Trade Winds
The trade winds blow in the same latitudes where tropical rainforests grow --- between the Tropics of Cancer (23.5 degrees north of the equator) and Capricorn (23.5 degrees south of the equator), where the temperature stays warm year-round. The trade winds blow steadily from north to south in the northern hemisphere and from south to north in the southern hemisphere, and when they meet at the equator they cancel each other out in an area of no wind at all called the doldrums. These winds bring moisture from the sea to the rainforest, where it falls as rain. They also carry desert dust to the rainforests, where it enriches the soil.
Monsoons
Monsoons are strong winds that come from certain directions at different seasons. Some rainforests, such as those in Southeast Asia (especially the Philippines), have two monsoon seasons a year from opposite directions. If the wind patterns are disrupted and the monsoon rains do not come, the effect on the rainforest and agriculture in the area can be devastating.
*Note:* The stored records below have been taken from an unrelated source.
(* Consider the model and dynamics described in the context, with the Glauber dynamics constructed from independent unit-rate Poisson processes as described there, for any $\alpha\in\mathbb{R}$, $\eta\in(0,1]$ and $\beta_n\in(0,\infty]$. Let $\gamma_n,t_n>0$ be sequences with $\gamma_n^2t_n/n\to0$ as $n\to\infty$. Then $$\sup_{t\in[0,t_n]}\frac{\gamma_n}{V_n^k}\big|\mathcal{M}_n^k(t)\big|\Rightarrow0\quad\text{as }n\to\infty,\quad\text{for all }k\in\{1,2\}.$$ If moreover $\gamma_n/\sqrt n\to0$ as $n\to\infty$, then $$\gamma_n\Big(\frac{\mathcal{M}_n^1}{V_n^1},\frac{\mathcal{M}_n^2}{V_n^2}\Big)\Rightarrow0\quad\text{in }D_{\mathbb{R}^2}[0,\infty)\text{ as }n\to\infty.$$
   Context: Model: for each $n$, the node set $\mathcal{V}_n=\mathcal{V}_n^1\cup\mathcal{V}_n^2$ is a disjoint union of two communities of sizes $V_n^k$ with $V_n^k/n\to v^k\in(0,\infty)$. The graph $\mathcal{G}_n$ is a stochastic block model: each pair of distinct nodes is an edge independently with probability $a\lambda_n/n$ within a community and $b\lambda_n/n$ across communities ($a>b>0$, $\lambda_n\to\infty$); $u\sim v$ denotes adjacency. For $\sigma:\mathcal{V}_n\to\{-1,1\}$, $\alpha_n=\alpha\lambda_n/n$ and $\Delta_n(\sigma,u)=2\sigma(u)[\sum_{v\sim u}\sigma(v)-\alpha_n\sum_{v\ne u}\sigma(v)]$; $r(x)=1/(1+e^x)$, with the convention $r(\beta_nx)=\mathbf{1}\{x<0\}+\tfrac12\mathbf{1}\{x=0\}$ if $\beta_n=\infty$. The Glauber dynamics $\boldsymbol{\sigma}_n(t)$ is the continuous-time Markov chain in which each spin $u$ flips independently at rate $r(\beta_n\Delta_n(\boldsymbol{\sigma}_n(t),u))$, started from the configuration in which independently each node, with probability $\eta$, has its correct spin ($+1$ on $\mathcal{V}_n^1$, $-1$ on $\mathcal{V}_n^2$) and otherwise a uniform random spin. Let $\boldsymbol{z}^k_n(t)=\frac1{V_n^k}\sum_{u\in\mathcal{V}_n^k}\boldsymbol{\sigma}_n(t,u)$. For $s\in\{-,+\}$ let $$\boldsymbol{i}^{k,s}_n(t)=\int_0^t\sum_{u\in\mathcal{V}_n^k:\ \boldsymbol{\sigma}_n(\tau,u)=s1}r\big(\beta_n\Delta_n(\boldsymbol{\sigma}_n(\tau),u)\big)\,d\tau .$$ The chain is constructed from independent unit-rate Poisson processes $\mathcal{N}^k_+,\mathcal{N}^k_-$ ($k=1,2$) so that $\boldsymbol{z}^k_n(t)-\boldsymbol{z}^k_n(0)=\frac{2}{V_n^k}\big[\mathcal{N}^k_+(\boldsymbol{i}^{k,-}_n(t))-\mathcal{N}^k_-(\boldsymbol{i}^{k,+}_n(t))\big]$ for all $t\ge0$. Define $$\mathcal{M}^k_n(t)=\mathcal{N}^k_+(\boldsymbol{i}^{k,-}_n(t))-\mathcal{N}^k_-(\boldsymbol{i}^{k,+}_n(t))+\int_0^t\sum_{u\in\mathcal{V}_n^k}\boldsymbol{\sigma}_n(\tau,u)\,r\big(\beta_n\Delta_n(\boldsymbol{\sigma}_n(\tau),u)\big)d\tau .$$ $D_{\mathbb{R}^2}[0,\infty)$ is the space of càdlàg functions $[0,\infty)\to\mathbb{R}^2$ with the topology of uniform convergence over compact sets; $\Rightarrow$ is weak convergence. *)

theory Defs
  imports "HOL-Probability.Probability"
begin

text \<open>r(beta x) = 1/(1+exp(beta x)); for beta = infinity the zero-temperature convention.\<close>
definition rfun :: "ereal \<Rightarrow> real \<Rightarrow> real" where
  "rfun \<beta> x = (if \<beta> = \<infinity> then (if x < 0 then 1 else if x = 0 then 1/2 else 0)
                 else 1 / (1 + exp (real_of_ereal \<beta> * x)))"

definition nodes :: "nat \<Rightarrow> nat \<Rightarrow> nat set" where
  "nodes V1 V2 = {..<V1 + V2}"

definition comm :: "nat \<Rightarrow> nat \<Rightarrow> nat \<Rightarrow> nat set" where
  "comm V1 V2 k = (if k = 1 then {..<V1} else {V1..<V1 + V2})"

definition csize :: "nat \<Rightarrow> nat \<Rightarrow> nat \<Rightarrow> nat" where
  "csize V1 V2 k = (if k = 1 then V1 else V2)"

definition correct :: "nat \<Rightarrow> nat \<Rightarrow> real" where
  "correct V1 u = (if u < V1 then 1 else -1)"

definition configs :: "nat \<Rightarrow> nat \<Rightarrow> (nat \<Rightarrow> real) set" where
  "configs V1 V2 = {x. (\<forall>u\<in>nodes V1 V2. x u = 1 \<or> x u = -1) \<and> (\<forall>u. u \<notin> nodes V1 V2 \<longrightarrow> x u = 0)}"

text \<open>Delta_n(sigma,u) = 2 sigma(u) [sum_{v~u} sigma(v) - alpha_n sum_{v<>u} sigma(v)],
  with alpha_n = alpha lambda_n / n passed as the argument al.\<close>
definition Delta :: "nat \<Rightarrow> nat \<Rightarrow> (nat \<Rightarrow> nat \<Rightarrow> bool) \<Rightarrow> real \<Rightarrow> (nat \<Rightarrow> real) \<Rightarrow> nat \<Rightarrow> real" where
  "Delta V1 V2 g al x u = 2 * x u * ((\<Sum>v\<in>nodes V1 V2 - {u}. if g u v then x v else 0)
                                      - al * (\<Sum>v\<in>nodes V1 V2 - {u}. x v))"
lemma has_sum_sorted_lists_Cons:
  assumes "\<And>b. finite {x. R b x}"
    and "((\<lambda>m. chain_sum R ks m / real m ^ k) has_sum S) {1..}"
  shows "((\<lambda>ms. \<Prod>i<length (k # ks). 1 / real (ms ! i) ^ ((k # ks) ! i)) has_sum S)
           {ms. length ms = length (k # ks) \<and> sorted_wrt R ms \<and> (\<forall>m\<in>set ms. m \<ge> 1)}"
proof -
  let ?f = "\<lambda>ms. \<Prod>i<length (k # ks). 1 / real (ms ! i) ^ ((k # ks) ! i)"
  let ?S = "Sigma {1..} (chains R (length ks))"
  have "((\<lambda>(m, l). ?f (m # l)) has_sum S) ?S"
  proof (rule has_sum_Sigma_nonneg[OF _ _ assms(2)])
    show "0 \<le> ?f (m # l)" for m l
      by (intro prod_nonneg) auto
    show "((\<lambda>l. ?f (m # l)) has_sum chain_sum R ks m / real m ^ k) (chains R (length ks) m)" for m
    proof -
      have "(\<Sum>l\<in>chains R (length ks) m. ?f (m # l)) = chain_sum R ks m / real m ^ k"
        by (simp del: prod.lessThan_Suc add: chain_sum_def sum_divide_distrib prod_lessThan_Cons)
      then show ?thesis
        using assms(1) by (intro has_sum_finiteI finite_chains) auto
    qed
  qed
  then have "((?f \<circ> (\<lambda>(m, l). m # l)) has_sum S) ?S"
    by (simp only: comp_def case_prod_unfold)
  moreover have "inj_on (\<lambda>(m, l). m # l) ?S"
    by (auto simp: inj_on_def)
  ultimately have "(?f has_sum S) ((\<lambda>(m, l). m # l) ` ?S)"
    by (simp add: has_sum_reindex)
  moreover have "(\<lambda>(m, l). m # l) ` ?S
      = {ms. length ms = length (k # ks) \<and> sorted_wrt R ms \<and> (\<forall>m\<in>set ms. m \<ge> 1)}"
  proof (intro equalityI subsetI)
    fix ms assume "ms \<in> {ms. length ms = length (k # ks) \<and> sorted_wrt R ms \<and> (\<forall>m\<in>set ms. m \<ge> 1)}"
    then obtain m l where "ms = m # l" and "(m, l) \<in> ?S"
      by (cases ms) (auto simp: chains_def)
    then show "ms \<in> (\<lambda>(m, l). m # l) ` ?S"
      by force
  qed (auto simp: chains_def)
  ultimately show ?thesis
    by simp
qed

lemma mzv_Cons:
  assumes "((\<lambda>m. chain_sum (>) ks m / real m ^ k) has_sum S) {1..}"
  shows "mzv (k # ks) = S"
  unfolding mzv_def by (intro infsumI has_sum_sorted_lists_Cons assms) simp

lemma mzv_star_Cons:
  assumes "((\<lambda>m. chain_sum (\<ge>) ks m / real m ^ k) has_sum S) {1..}"
  shows "mzv_star (k # ks) = S"
  unfolding mzv_star_def by (intro infsumI has_sum_sorted_lists_Cons assms) simp

lemma beta_fps_0_nth_0: "fps_nth (beta_fps m 0) 0 = 1"
  by (induction m) (simp_all add: beta_fps.simps)
(* Let $(\star)$ be a linear system over $\mathbb{F}_q$ ($q$ a prime power) with coefficient matrix $A\in\mathbb{F}_q^{m\times k}$ which is of type (RC), non-degenerate and irreducible. Let $j_1\ne j_2$ be indices in the same column equivalence class, and let $\{(x^{(i)}_1,\dots,x^{(i)}_k)\}_{i=1}^L$ be a list of pairwise disjoint solutions of $(\star)$ in $(\mathbb{F}_q^n)^k$. If $L\ge4q^k(\Gamma_q)^n$, then there exist $i\in[L]$ and a solution $(y_1,\dots,y_k)$ of $(\star)$ such that: (i) $y_j=x^{(i)}_j$ for all $j\ne j_1,j_2$, and $y_j\in\{x^{(1)}_j,\dots,x^{(L)}_j\}$ for $j\in\{j_1,j_2\}$; (ii) $\mathrm{Ann}_{\mathrm{bal}}(y_1,\dots,y_k)\subseteq\mathrm{Ann}_{\mathrm{bal}}(x^{(i)}_1,\dots,x^{(i)}_k)$; (iii) no $b\in\mathrm{Ann}_{\mathrm{bal}}(y_1,\dots,y_k)$ breaks the pair $\{j_1,j_2\}$.
   Context: Solutions are tuples in $(\mathbb{F}_q^n)^k$ with $\sum_ja_{ij}x_j=0$ for all $i$. Two solutions $(x_j)$, $(y_j)$ are disjoint if $\{x_1,\dots,x_k\}\cap\{y_1,\dots,y_k\}=\varnothing$. Indices $j,j'$ are equivalent if columns $j,j'$ of $A$ are nonzero scalar multiples of one another; classes are column equivalence classes. A vector $b\in\mathbb{F}_q^k$ breaks the pair $\{j_1,j_2\}$ (two distinct indices in one class) if, after appending $b$ as an extra row to $A$, the columns $j_1,j_2$ are no longer scalar multiples of one another. $\mathrm{Ann}_{\mathrm{bal}}(x_1,\dots,x_k)=\{b\in\mathbb{F}_q^k:\sum_jb_jx_j=0,\ \sum_jb_j=0\}$. Type (RC): every row of $A$ sums to $0$ and at most one column equivalence class has size $1$. Non-degenerate: rows of $A$ linearly independent and no zero column. Irreducible: not equivalent (same row space) to a system whose variables split into at least two classes with each equation only using variables of one class. $\Gamma_q:=q\,J(q)$ where $J(t)=\frac1t\min_{0<x<1}\frac{1+x+\cdots+x^{t-1}}{x^{(t-1)/3}}$. *)

theory Defs
  imports "HOL-Analysis.Analysis"
begin

(* A linear system: coefficient matrix A given as  A i j  for rows i < m and columns j < k,
   over a finite field 'a = F_q.  Vectors of F_q^n are elements of 'a ^ 'n, n = CARD('n). *)

definition is_solution ::
  "(nat \<Rightarrow> nat \<Rightarrow> 'a::field) \<Rightarrow> nat \<Rightarrow> nat \<Rightarrow> (nat \<Rightarrow> 'a ^ 'n) \<Rightarrow> bool" where
  "is_solution A m k x \<longleftrightarrow> (\<forall>i<m. (\<Sum>j<k. A i j *s x j) = 0)"

definition disjoint_sols :: "nat \<Rightarrow> (nat \<Rightarrow> 'b) \<Rightarrow> (nat \<Rightarrow> 'b) \<Rightarrow> bool" where
  "disjoint_sols k x y \<longleftrightarrow> (x ` {..<k}) \<inter> (y ` {..<k}) = {}"

definition col_equiv :: "(nat \<Rightarrow> nat \<Rightarrow> 'a::field) \<Rightarrow> nat \<Rightarrow> nat \<Rightarrow> nat \<Rightarrow> bool" where
  "col_equiv A m j j' \<longleftrightarrow> (\<exists>c. c \<noteq> 0 \<and> (\<forall>i<m. A i j = c * A i j'))"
Hurricanes, Typhoons and Cyclones
All three of these names refer to the same weather phenomenon --- a violent storm containing high winds in a rotating pattern that moves across the tropical and semitropical oceans and, when it strikes land, can kill people and damage property. If a hurricane moves ashore into a rainforest, some coastal vegetation may be damaged, but the sheer bulk of the rainforest will actually disrupt and moderate the hurricane winds.
Thunderstorms
Thunderstorms are local weather events caused by warm, moist air rising high enough in the atmosphere to cool the moisture into a cloud of ice crystals and water droplets. Ice crystals and water droplets carry opposing electrical charges, and when these charges build up enough in a cloud, they discharge as lightning, and the air waves from the discharge make the sound we call thunder. Rainforests can actually create thunderstorms when they release moisture from the leaves of the vegetation into the winds, disrupting the layers of atmosphere overhead and making them unstable. Severe thunderstorms can contain winds upward of 50 miles per hour, but damage to the rainforest is minimal and actually has a healthy effect on it, opening areas to sunlight and encouraging growth there.